Important subtlety: the shipped message.json schema requires body to be an object. If you enable validation and send a non-object body (like a string), validation will fail and the client may expose the full envelope dict instead of just the body. If you want stable message.body semantics across setups, prefer using a dict body.

>>> beanstalk.put(object())
Traceback (most recent call last):
...
TypeError: Object of type object is not JSON serializable

There is no restriction on what characters you can put in a job body, so they can be used to hold arbitrary binary data:

>>> _ = beanstalk.put({"data": "\x00\x01\xfe\xff"})
>>> beanstalk.queue.watch(beanstalkm.DEFAULT_TUBE)
>>> message = beanstalk.reserve(drop=False) ; print(repr(message.body["data"])) ; message.delete()
'\x00\x01\xfe\xff'

If you want to send images, put the image data as a string (for example a base64-encoded blob). If you want to send Unicode text, use normal str values (in Python 3, str is Unicode; in Python 2, encode unicode to a byte string).

Tube Management

A single beanstalkd server can provide many different queues, called "tubes" in beanstalkd. To see all available tubes:

>>> beanstalk.queue.list_tubes()  # requires PyYAML
['default', 'receive']

A beanstalkd client can choose one tube into which its job are put. This is the tube "used" by the client. To see what tube you are currently using:

>>> beanstalk.queue.using()
'default'

Unless told otherwise, a client uses the 'default' tube. If you want to use a different tube:

>>> beanstalk.queue.use('foo')
'foo'
>>> beanstalk.queue.using()
'foo'

If you decide to use a tube, that does not yet exist, the tube is automatically created by beanstalkd:

>>> beanstalk.queue.list_tubes()
['default', 'foo', 'receive']

Of course, you can always switch back to the default tube.
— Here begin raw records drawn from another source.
(* Let $f:\mathbb{R}^\ell\times\mathbb{R}^m\to\mathbb{R}^\ell$ be $C^1$, let $\Lambda$ be a parameter shift with limits $\lambda_\pm$, and let $X$ define a stable path. Let $N\in\mathbb{N}$ be such that $\|[D_xf(X(s),\Lambda(s))]^n\|<\frac14$ for all $s\in\mathbb{R}$ and $n\ge N$. Then for $\epsilon>0$ and $r>0$ sufficiently small, the graph transforms $G_n:S\to S$ are well defined and satisfy $$\|G_nu-G_nu'\|_\infty\le\tfrac12\|u-u'\|_\infty$$ for all $u,u'\in S$ and all $n\in\{N,N+1,\ldots,N(N+1)\}$.
   Context: A parameter shift is a $C^1$ function $\Lambda:\mathbb{R}\to\mathbb{R}^m$ with $\lim_{s\to\pm\infty}\Lambda(s)=\lambda_\pm$ and $\lim_{s\to\pm\infty}\Lambda'(s)=0$. A stable path is given by $X:\mathbb{R}\to\mathbb{R}^\ell$ such that: $X(s)$ is a fixed point of $f(\cdot,\Lambda(s))$ for every $s$; $\{(s,X(s))\}$ is a connected curve; the limits $X_\pm=\lim_{s\to\pm\infty}X(s)$ exist and are fixed points of $f(\cdot,\lambda_\pm)$; and the spectral radius of $D_xf(X(s),\Lambda(s))$ is $<1$ for all $s\in\mathbb{R}\cup\{\pm\infty\}$. For $r\ge0$, $F_r(s,x)=(s+r,f(x,\Lambda(s)))$, $F_r^n$ is its $n$-fold composition, and $\pi(s,x)=x$. $\mathcal{N}_\epsilon=\{(s,x):\|x-X(s)\|\le\epsilon\}$ (Euclidean norm). $S$ is the set of functions $u:\mathbb{R}\to\mathbb{R}^\ell$ with $(s,u(s))\in\mathcal{N}_\epsilon$ for all $s$, with metric from $\|u\|_\infty=\sup_s\|u(s)\|$. The graph transform $G_n$ is defined by $(G_nu)(s+nr)=\pi\circ F_r^n(s,u(s))$ for all $s\in\mathbb{R}$, i.e. $F_r^n$ maps the point $(s,u(s))$ to $(s+nr,(G_nu)(s+nr))$. *)

theory Defs
  imports "HOL-Analysis.Analysis"
begin

definition Dx :: "((real^'l) \<times> (real^'m) \<Rightarrow> ((real^'l) \<times> (real^'m)) \<Rightarrow>\<^sub>L (real^'l))
                   \<Rightarrow> real^'l \<Rightarrow> real^'m \<Rightarrow> real^'l \<Rightarrow> real^'l" where
  "Dx f' x lam = (\<lambda>h. blinfun_apply (f' (x, lam)) (h, 0))"

definition cplx_eigenvalues :: "real^'n^'n \<Rightarrow> complex set" where
  "cplx_eigenvalues A =
     {z. det (mat z - (\<chi> i j. complex_of_real (A $ i $ j)) :: complex^'n^'n) = 0}"

definition spec_rad :: "real^'n^'n \<Rightarrow> real" where
  "spec_rad A = Max (cmod ` cplx_eigenvalues A)"

definition parameter_shift ::
  "(real \<Rightarrow> real^'m) \<Rightarrow> real^'m \<Rightarrow> real^'m \<Rightarrow> bool" where
  "parameter_shift Lam lm lp \<longleftrightarrow>
     (\<exists>Lam'. (\<forall>s. (Lam has_vector_derivative Lam' s) (at s)) \<and> continuous_on UNIV Lam'
        \<and> (Lam' \<longlongrightarrow> 0) at_bot \<and> (Lam' \<longlongrightarrow> 0) at_top)
     \<and> (Lam \<longlongrightarrow> lm) at_bot \<and> (Lam \<longlongrightarrow> lp) at_top"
Tubes that don't have any client using or watching, vanish automatically:

>>> beanstalk.queue.use('default')
'default'
>>> beanstalk.queue.using()
'default'
>>> beanstalk.queue.list_tubes()
['default', 'receive']

Further, a beanstalkd client can choose many tubes to reserve jobs from. These tubes are "watched" by the client. To see what tubes you are currently watching:

>>> beanstalk.queue.watching()
['default']

To watch an additional tube:

>>> beanstalk.queue.watch('bar')
2
>>> beanstalk.queue.watching()
['default', 'bar']

As before, tubes that do not yet exist are created automatically once you start watching them:

>>> beanstalk.queue.list_tubes()
['default', 'bar', 'receive']

To stop watching a tube:

>>> beanstalk.queue.ignore('bar')
1
>>> beanstalk.queue.watching()
['default']

You can't watch zero tubes. So if you try to ignore the last tube you are watching, beanstalkd will respond with NOT_IGNORED and beanstalkm will raise CommandFailed:

>>> from beanstalkm import CommandFailed
>>> try:
...     beanstalk.queue.ignore('default')
... except CommandFailed as e:
...     e.args[1]
'NOT_IGNORED'
>>> beanstalk.queue.watching()
['default']

To recap: each beanstalkd client manages two separate concerns: which tube newly created jobs are put into, and which tube(s) jobs are reserved from. Accordingly, there are two separate sets of functions for these concerns:

beanstalk.queue.use and beanstalk.queue.using affect where jobs are put when you use the low-level command API;
beanstalk.queue.watch and beanstalk.queue.watching control where jobs are reserved from.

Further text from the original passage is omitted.